Records to use below:
(* Let $\alpha\ge1$, $S_0>0$, and let $\tilde u_0:[0,S_0]\to[0,\infty)$ be continuous and non-decreasing with $\tilde u_0(S_0)>0$. Let $u_0=\tilde u_0$ on $[0,S_0)$ and $u_0=0$ on $(S_0,\infty)$, $m_0(\rho)=\int_0^\rho u_0$, $M=m_0(S_0)$. Let $P_t(\rho_0)=\rho_0+\alpha m_0(\rho_0)\tilde u_0(\rho_0)^{\alpha-1}t$ for $\rho_0\in[0,S_0]$ (an increasing bijection of $[0,S_0]$ onto $[0,\bar S(t)]$), where $\bar S(t)=S_0+\alpha M\tilde u_0(S_0)^{\alpha-1}t$. Define $\tilde u(t,\rho)=\big(\tilde u_0(P_t^{-1}(\rho))^{-\alpha}+\alpha t\big)^{-1/\alpha}$ if $\rho\le\bar S(t)$ and $\tilde u_0(P_t^{-1}(\rho))>0$, and $\tilde u(t,\rho)=0$ otherwise. Let $S$ be a solution of $S'(t)=M\,\tilde u(t,S(t))^{\alpha-1}$, $S(0)=S_0$, and set $u(t,\rho)=\tilde u(t,\rho)$ for $\rho<S(t)$, $u(t,\rho)=0$ for $\rho>S(t)$. Then $S(t)\le\bar S(t)$ for all $t\ge0$, and $m(t,\rho)=\int_0^\rho u(t,\sigma)d\sigma$ is a viscosity solution of the mass problem with initial datum $m_0$.
   Context: The mass problem is $m_t+(m_\rho)_+^\alpha m=0$ for $t,\rho>0$, $m(t,0)=0$, $m(0,\rho)=m_0(\rho)$. Fréchet superdifferential $D^+f(x)=\{p:\limsup_{y\to x}\frac{f(y)-f(x)-p\cdot(y-x)}{|y-x|}\le0\}$ and subdifferential $D^-f$ with $\liminf\ge0$. A continuous $m$ on $[0,\infty)^2$ is a viscosity subsolution if $p_1+(p_2)_+^\alpha m(t,\rho)\le0$ for all $(t,\rho)\in(0,\infty)^2$, $(p_1,p_2)\in D^+m(t,\rho)$, with $m(0,\cdot)\le m_0$, $m(t,0)\le0$; a supersolution if $p_1+(p_2)_+^\alpha m\ge0$ for all $(p_1,p_2)\in D^-m(t,\rho)$, with $m(0,\cdot)\ge m_0$, $m(t,0)\ge0$; a viscosity solution if both. *)

theory Defs
  imports "HOL-Analysis.Analysis"
begin

definition pair_inner :: "real \<times> real \<Rightarrow> real \<times> real \<Rightarrow> real" where
  "pair_inner p v = fst p * fst v + snd p * snd v"

definition frechet_superdiff :: "(real \<times> real \<Rightarrow> real) \<Rightarrow> real \<times> real \<Rightarrow> (real \<times> real) set" where
  "frechet_superdiff f x = {p. Limsup (at x)
      (\<lambda>y. ereal ((f y - f x - pair_inner p (y - x)) / norm (y - x))) \<le> 0}"

definition frechet_subdiff :: "(real \<times> real \<Rightarrow> real) \<Rightarrow> real \<times> real \<Rightarrow> (real \<times> real) set" where
  "frechet_subdiff f x = {p. Liminf (at x)
      (\<lambda>y. ereal ((f y - f x - pair_inner p (y - x)) / norm (y - x))) \<ge> 0}"

text \<open>Viscosity sub/super-solutions of m_t + (m_rho)_+^alpha m = 0 with data m(0,.) = m0, m(t,0) = 0.\<close>
definition visc_subsol :: "real \<Rightarrow> (real \<Rightarrow> real) \<Rightarrow> (real \<times> real \<Rightarrow> real) \<Rightarrow> bool" where
  "visc_subsol \<alpha> m0 m \<longleftrightarrow>
     continuous_on ({0..} \<times> {0..}) m \<and>
     (\<forall>t>0. \<forall>\<rho>>0. \<forall>p\<in>frechet_superdiff m (t, \<rho>).
         fst p + (max (snd p) 0) powr \<alpha> * m (t, \<rho>) \<le> 0) \<and>
     (\<forall>\<rho>\<ge>0. m (0, \<rho>) \<le> m0 \<rho>) \<and>
     (\<forall>t\<ge>0. m (t, 0) \<le> 0)"

definition visc_supersol :: "real \<Rightarrow> (real \<Rightarrow> real) \<Rightarrow> (real \<times> real \<Rightarrow> real) \<Rightarrow> bool" where
  "visc_supersol \<alpha> m0 m \<longleftrightarrow>
     continuous_on ({0..} \<times> {0..}) m \<and>
     (\<forall>t>0. \<forall>\<rho>>0. \<forall>p\<in>frechet_subdiff m (t, \<rho>).
         fst p + (max (snd p) 0) powr \<alpha> * m (t, \<rho>) \<ge> 0) \<and>
     (\<forall>\<rho>\<ge>0. m (0, \<rho>) \<ge> m0 \<rho>) \<and>
     (\<forall>t\<ge>0. m (t, 0) \<ge> 0)"

definition visc_sol :: "real \<Rightarrow> (real \<Rightarrow> real) \<Rightarrow> (real \<times> real \<Rightarrow> real) \<Rightarrow> bool" where
  "visc_sol \<alpha> m0 m \<longleftrightarrow> visc_subsol \<alpha> m0 m \<and> visc_supersol \<alpha> m0 m"

text \<open>Real power of a nonnegative base with the convention x^0 = 1 (also for x = 0).\<close>
definition pw :: "real \<Rightarrow> real \<Rightarrow> real" where
  "pw x a = (if a = 0 then 1 else x powr a)"

end

(*
  Along the characteristic starting at s, char_pos t s = s + alpha t m0(s) u0(s)^(alpha-1) (the paper's
  P_t), the density obeys u' = -u^(alpha+1), so it equals decay t (u0 s) = (u0(s)^(-alpha) + alpha t)^(-1/alpha),
  and the mass to the left of the characteristic is char_mass t s = m0(s) (1 + alpha t u0(s)^alpha)^((alpha-1)/alpha).
  Comparing the increments of char_mass and char_pos shows that m_sol t rho = integral of u_sol t over
  [0, rho] equals char_mass at the foot of the characteristic through (t, rho); differentiating along
  characteristics then shows that m_sol is a C^1 solution of m_t + (m_rho)^alpha m = 0 with m_rho >= 0.
  Along the front, d/dt (m_sol t (S t) - M)^2 = -2 u^alpha (m_sol t (S t) - M)^2, so the front carries
  the whole mass M, stays behind char_pos t S0, and the truncated profile has mass min (m_sol, M).
  Finally, the minimum of a C^1 solution with a nonnegative constant is a viscosity solution: a Frechet
  semidifferential is tested against one-sided directional derivatives, which at the kink
  m_sol = M are min (D m_sol, 0).
*)

theory Submission
  imports Defs
begin

lemma pw_nonneg: "pw x a \<ge> 0"
  unfolding pw_def by simp

lemma pw_mono:
  assumes "1 \<le> \<alpha>" "0 \<le> x" "x \<le> y"
  shows "pw x (\<alpha> - 1) \<le> pw y (\<alpha> - 1)"
  using assms by (cases "\<alpha> = 1") (auto simp: pw_def powr_mono2)

lemma mult_pw_eq_powr:
  assumes "0 \<le> v"
  shows "v * pw v (\<alpha> - 1) = v powr \<alpha>"
  using assms powr_mult_base[of v "\<alpha> - 1"] by (cases "\<alpha> = 1") (auto simp: pw_def)

lemma continuous_on_pw:
  assumes "1 \<le> \<alpha>" "continuous_on A f" "\<And>x. x \<in> A \<Longrightarrow> 0 \<le> f x"
  shows "continuous_on A (\<lambda>x. pw (f x) (\<alpha> - 1))"
proof (cases "\<alpha> = 1")
  case False
  with assms show ?thesis
    unfolding pw_def by (auto intro!: continuous_on_powr')
qed (simp add: pw_def)

lemma DERIV_mvt_between:
  fixes f :: "real \<Rightarrow> real"
  assumes "\<And>x. min a b \<le> x \<Longrightarrow> x \<le> max a b \<Longrightarrow> (f has_real_derivative f' x) (at x)"
  obtains \<xi> where "min a b \<le> \<xi>" "\<xi> \<le> max a b" "f b - f a = f' \<xi> * (b - a)"
proof (cases a b rule: linorder_cases)
  case less
  then obtain z where "a < z" "z < b" "f b - f a = (b - a) * f' z"
    using MVT2[of a b f f'] assms by auto
  then show ?thesis using that[of z] less by (simp add: mult.commute)
next
  case greater
  then obtain z where "b < z" "z < a" "f a - f b = (a - b) * f' z"
    using MVT2[of b a f f'] assms by auto
  then show ?thesis using that[of z] greater by (simp add: algebra_simps)
qed (use that in simp)

lemma DERIV_mvt_between_family:
  fixes g u :: "real \<Rightarrow> real \<Rightarrow> real" and b :: "real \<Rightarrow> real"
  assumes g: "\<And>t \<rho>. 0 < t \<Longrightarrow> 0 < \<rho> \<Longrightarrow> (g t has_real_derivative u t \<rho>) (at \<rho>)" and \<rho>0: "0 < \<rho>0"
  shows "\<exists>\<xi>. \<forall>t. 0 < t \<longrightarrow> 0 < b t \<longrightarrow> min \<rho>0 (b t) \<le> \<xi> t \<and> \<xi> t \<le> max \<rho>0 (b t) \<and>
      g t (b t) - g t \<rho>0 = u t (\<xi> t) * (b t - \<rho>0)"
proof (rule choice, rule allI)
  fix t
  show "\<exists>x. 0 < t \<longrightarrow> 0 < b t \<longrightarrow> min \<rho>0 (b t) \<le> x \<and> x \<le> max \<rho>0 (b t) \<and>
      g t (b t) - g t \<rho>0 = u t x * (b t - \<rho>0)"
  proof (cases "0 < t \<and> 0 < b t")
    case True
    then have "(g t has_real_derivative u t x) (at x)" if "min \<rho>0 (b t) \<le> x" for x
      using that \<rho>0 by (intro g) auto
    then obtain x where "min \<rho>0 (b t) \<le> x" "x \<le> max \<rho>0 (b t)" "g t (b t) - g t \<rho>0 = u t x * (b t - \<rho>0)"
      using DERIV_mvt_between[of \<rho>0 "b t" "g t" "u t"] by blast
    then show ?thesis by blast
  qed blast
qed

lemma DERIV_increment_along_curve:
  fixes g u :: "real \<Rightarrow> real \<Rightarrow> real" and b :: "real \<Rightarrow> real"
  assumes g: "\<And>t \<rho>. 0 < t \<Longrightarrow> 0 < \<rho> \<Longrightarrow> (g t has_real_derivative u t \<rho>) (at \<rho>)"
    and u: "isCont (\<lambda>(t, \<rho>). u t \<rho>) (t0, \<rho>0)"
    and b: "(b has_real_derivative b') (at t0)" and b0: "b t0 = \<rho>0"
    and t0: "0 < t0" and \<rho>0: "0 < \<rho>0"
  shows "((\<lambda>t. g t (b t) - g t \<rho>0) has_real_derivative u t0 \<rho>0 * b') (at t0)"
proof -
  have b_lim: "(b \<longlongrightarrow> \<rho>0) (at t0)"
    using DERIV_isCont[OF b] b0 by (simp add: isCont_def)
  have pos: "eventually (\<lambda>t. 0 < t \<and> 0 < b t) (at t0)"
    using order_tendstoD(1)[OF tendsto_ident_at t0] order_tendstoD(1)[OF b_lim \<rho>0]
    by eventually_elim simp
  have "\<exists>\<xi>. \<forall>t. 0 < t \<longrightarrow> 0 < b t \<longrightarrow> min \<rho>0 (b t) \<le> \<xi> t \<and> \<xi> t \<le> max \<rho>0 (b t) \<and>
      g t (b t) - g t \<rho>0 = u t (\<xi> t) * (b t - \<rho>0)"
    by (rule DERIV_mvt_between_family[OF _ \<rho>0]) (rule g)
  then obtain \<xi> where \<xi>: "\<forall>t. 0 < t \<longrightarrow> 0 < b t \<longrightarrow> min \<rho>0 (b t) \<le> \<xi> t \<and> \<xi> t \<le> max \<rho>0 (b t) \<and>
      g t (b t) - g t \<rho>0 = u t (\<xi> t) * (b t - \<rho>0)" ..
  have "(\<xi> \<longlongrightarrow> \<rho>0) (at t0)"
  proof (rule tendsto_sandwich[where f = "\<lambda>t. min \<rho>0 (b t)" and h = "\<lambda>t. max \<rho>0 (b t)"])
    show "eventually (\<lambda>t. min \<rho>0 (b t) \<le> \<xi> t) (at t0)" "eventually (\<lambda>t. \<xi> t \<le> max \<rho>0 (b t)) (at t0)"
      using pos by (eventually_elim, simp add: \<xi>)+
    show "((\<lambda>t. min \<rho>0 (b t)) \<longlongrightarrow> \<rho>0) (at t0)"
      using tendsto_min[OF tendsto_const b_lim, of \<rho>0] by simp
    show "((\<lambda>t. max \<rho>0 (b t)) \<longlongrightarrow> \<rho>0) (at t0)"
      using tendsto_max[OF tendsto_const b_lim, of \<rho>0] by simp
  qed
  then have "((\<lambda>t. (t, \<xi> t)) \<longlongrightarrow> (t0, \<rho>0)) (at t0)"
    by (intro tendsto_Pair tendsto_ident_at)
  from isCont_tendsto_compose[OF u this]
  have "((\<lambda>t. u t (\<xi> t)) \<longlongrightarrow> u t0 \<rho>0) (at t0)" by simp
  moreover have "((\<lambda>t. (b t - b t0) / (t - t0)) \<longlongrightarrow> b') (at t0)"
    using b by (simp add: has_field_derivative_iff)
  ultimately have "((\<lambda>t. u t (\<xi> t) * ((b t - b t0) / (t - t0))) \<longlongrightarrow> u t0 \<rho>0 * b') (at t0)"
    by (rule tendsto_mult)
  moreover have "eventually (\<lambda>t. u t (\<xi> t) * ((b t - b t0) / (t - t0))
      = ((g t (b t) - g t \<rho>0) - (g t0 (b t0) - g t0 \<rho>0)) / (t - t0)) (at t0)"
    using pos by eventually_elim (simp add: \<xi> b0)
  ultimately show ?thesis
    unfolding has_field_derivative_iff by (rule Lim_transform_eventually)
qed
End of Records to use.
Task item: The lines above from the one containing "then obtain \<xi>" through the one containing "proof (rule tendsto_sandwich[where" are to be set down exactly, and no others.

Result of this task:
  then obtain \<xi> where \<xi>: "\<forall>t. 0 < t \<longrightarrow> 0 < b t \<longrightarrow> min \<rho>0 (b t) \<le> \<xi> t \<and> \<xi> t \<le> max \<rho>0 (b t) \<and>
      g t (b t) - g t \<rho>0 = u t (\<xi> t) * (b t - \<rho>0)" ..
  have "(\<xi> \<longlongrightarrow> \<rho>0) (at t0)"
  proof (rule tendsto_sandwich[where f = "\<lambda>t. min \<rho>0 (b t)" and h = "\<lambda>t. max \<rho>0 (b t)"])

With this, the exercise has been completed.